The trail begins at the Vargas Plateau Staging Area, where hikers, cyclists, and equestrians can get an up-close look at the historic Vargas family barn. Follow signs for the Bay Area Ridge Trail as they lead you through the golden hills. A shady eucalyptus grove is the perfect place to search for funnel spiderwebs on the hillside—slightly scary, yet fascinating! (As hikers emerge back into the sunshine, they should be on the lookout for gopher snakes, rattlesnakes, and even the rare Alameda whipsnake basking on the rocks.)
At the intersection with Upper Ranch Trail, turn right. Here, the plateau’s centuries-long history as a ranch continues, with grazing cows—including newborns—just be respectful by giving them all a wide berth.
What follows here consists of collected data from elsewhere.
lemma shorten_insertion_block:
  assumes D: "dfa Alph Q q0 \<delta> F" and q: "q \<in> Q"
    and ins: "\<forall>e\<in>set p. fst e = None" and tgt: "path_tgt p \<in> lists Alph"
  obtains w where "w \<in> lists Alph" "foldl \<delta> q w = foldl \<delta> q (path_tgt p)"
    "length w < card Q" "length w \<le> ins_count p"
proof -
  obtain w where w: "w \<in> lists Alph" "foldl \<delta> q w = foldl \<delta> q (path_tgt p)"
      "length w < card Q" "length w \<le> length (path_tgt p)"
    using dfa_short_word[OF D q tgt] by blast
  moreover have "length w \<le> ins_count p"
    using w(4) insertion_only_path[OF ins] by linarith
  ultimately show ?thesis
    using that by blast
qed

lemma shorten_insertions:
  assumes D: "dfa Alph Q q0 \<delta> F"
  shows "q \<in> Q \<Longrightarrow> \<forall>e\<in>set p. e \<noteq> (None, None) \<Longrightarrow> path_tgt p \<in> lists Alph \<Longrightarrow>
    \<exists>p'. (\<forall>e\<in>set p'. e \<noteq> (None, None)) \<and> path_tgt p' \<in> lists Alph \<and>
      path_src p' = path_src p \<and> del_sub_count p' = del_sub_count p \<and>
      foldl \<delta> q (path_tgt p') = foldl \<delta> q (path_tgt p) \<and> ins_count p' \<le> ins_count p \<and>
      ins_count p' \<le> (card Q - 1) * (length (path_src p) + 1)"
proof (induction p arbitrary: q rule: length_induct)
  case (1 p)
  define blk where "blk = takeWhile (\<lambda>e. fst e = None) p"
  define rest0 where "rest0 = dropWhile (\<lambda>e. fst e = None) p"
  have p: "p = blk @ rest0"
    by (simp add: blk_def rest0_def)
  have blk_ins: "\<forall>e\<in>set blk. fst e = None"
    by (auto simp: blk_def dest: set_takeWhileD)
  note blk_props = insertion_only_path[OF blk_ins]
  have "path_tgt blk \<in> lists Alph"
    using "1.prems"(3) by (simp add: p)
  then obtain w where w: "w \<in> lists Alph" "foldl \<delta> q w = foldl \<delta> q (path_tgt blk)"
      "length w < card Q" "length w \<le> ins_count blk"
    using shorten_insertion_block[OF D "1.prems"(1) blk_ins] by blast
  show ?case
  proof (cases rest0)
    case Nil
    then show ?thesis
      using w blk_props by (intro exI[of _ "insertions w"]) (auto simp: p)
  next
    case (Cons e rest)
    then have p: "p = blk @ e # rest"
      by (simp add: p)
    obtain a where a: "fst e = Some a"
      using Cons hd_dropWhile[of "\<lambda>e. fst e = None" p] by (auto simp: rest0_def)
    define q' where "q' = foldl \<delta> q (path_tgt (blk @ [e]))"
    have "q' \<in> Q"
      using foldl_in_states[OF D "1.prems"(1), of "path_tgt (blk @ [e])"] "1.prems"(3)
      by (simp add: q'_def p)
    moreover have "length rest < length p" "\<forall>e\<in>set rest. e \<noteq> (None, None)"
        "path_tgt rest \<in> lists Alph"
      using "1.prems"(2,3) by (simp_all add: p)
    ultimately obtain rest' where rest': "\<forall>e\<in>set rest'. e \<noteq> (None, None)"
        "path_tgt rest' \<in> lists Alph" "path_src rest' = path_src rest"
        "del_sub_count rest' = del_sub_count rest"
        "foldl \<delta> q' (path_tgt rest') = foldl \<delta> q' (path_tgt rest)"
        "ins_count rest' \<le> ins_count rest"
        "ins_count rest' \<le> (card Q - 1) * (length (path_src rest) + 1)"
      using "1.IH" by blast
    let ?p' = "insertions w @ e # rest'"
    have "length w + ins_count rest' \<le> (card Q - 1) + (card Q - 1) * (length (path_src rest) + 1)"
      using w(3) rest'(7) by linarith
    also have "\<dots> = (card Q - 1) * (length (path_src p) + 1)"
      using blk_props by (simp add: p a)
    finally have "ins_count ?p' \<le> (card Q - 1) * (length (path_src p) + 1)"
      by (simp add: a)
    moreover have "ins_count ?p' \<le> ins_count p"
      using w(4) rest'(6) by (simp add: p a)
    moreover have "foldl \<delta> q (path_tgt ?p') = foldl \<delta> q (path_tgt p)"
      using w(2) rest'(5) by (simp add: p q'_def)
    moreover have "path_tgt ?p' \<in> lists Alph"
      using w(1) rest'(2) "1.prems"(3) by (simp add: p)
    moreover have "path_src ?p' = path_src p" "del_sub_count ?p' = del_sub_count p"
      using blk_props rest'(3,4) by (simp_all add: p)
    moreover have "\<forall>e\<in>set ?p'. e \<noteq> (None, None)"
      using rest'(1) "1.prems"(2) by (auto simp: p)
    ultimately show ?thesis
      by blast
  qed
qed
Turn left at the next intersection to visit the viewpoint. This flat hilltop has a picnic table that’s perfect for lunch with a view. Fuel up while soaking up sights of the Diablo Range, including nearby Mission and Monument Peaks. Bird watchers may want to spend extra time up here, as white-tailed kites, wild turkeys, and red-tailed hawks live on the plateau.
Continue along the Upper Ranch Trail as it descends to a small cow pond. Here, eagle-eyed adventurers can spot newts, salamanders, and frogs. (Be on the lookout for the rare California red-legged frog.) Continue on the trail as it steeply ascends back onto the plateau. As the Upper Ranch Trail merges with the Golden Eagle Trail (Bay Area Ridge Trail) retrace your steps back to the parking lot.
Vargas Plateau Regional Park can be found at 2536 Morrison Canyon Rd. in Fremont. From I-680, take exit 18A onto Vargas Rd. Turn right onto Morrison Canyon Rd., and after 0.4 mile, turn left into the park. Hikers, cyclists, and equestrians are welcome on the trails. Leashed-dog-friendly!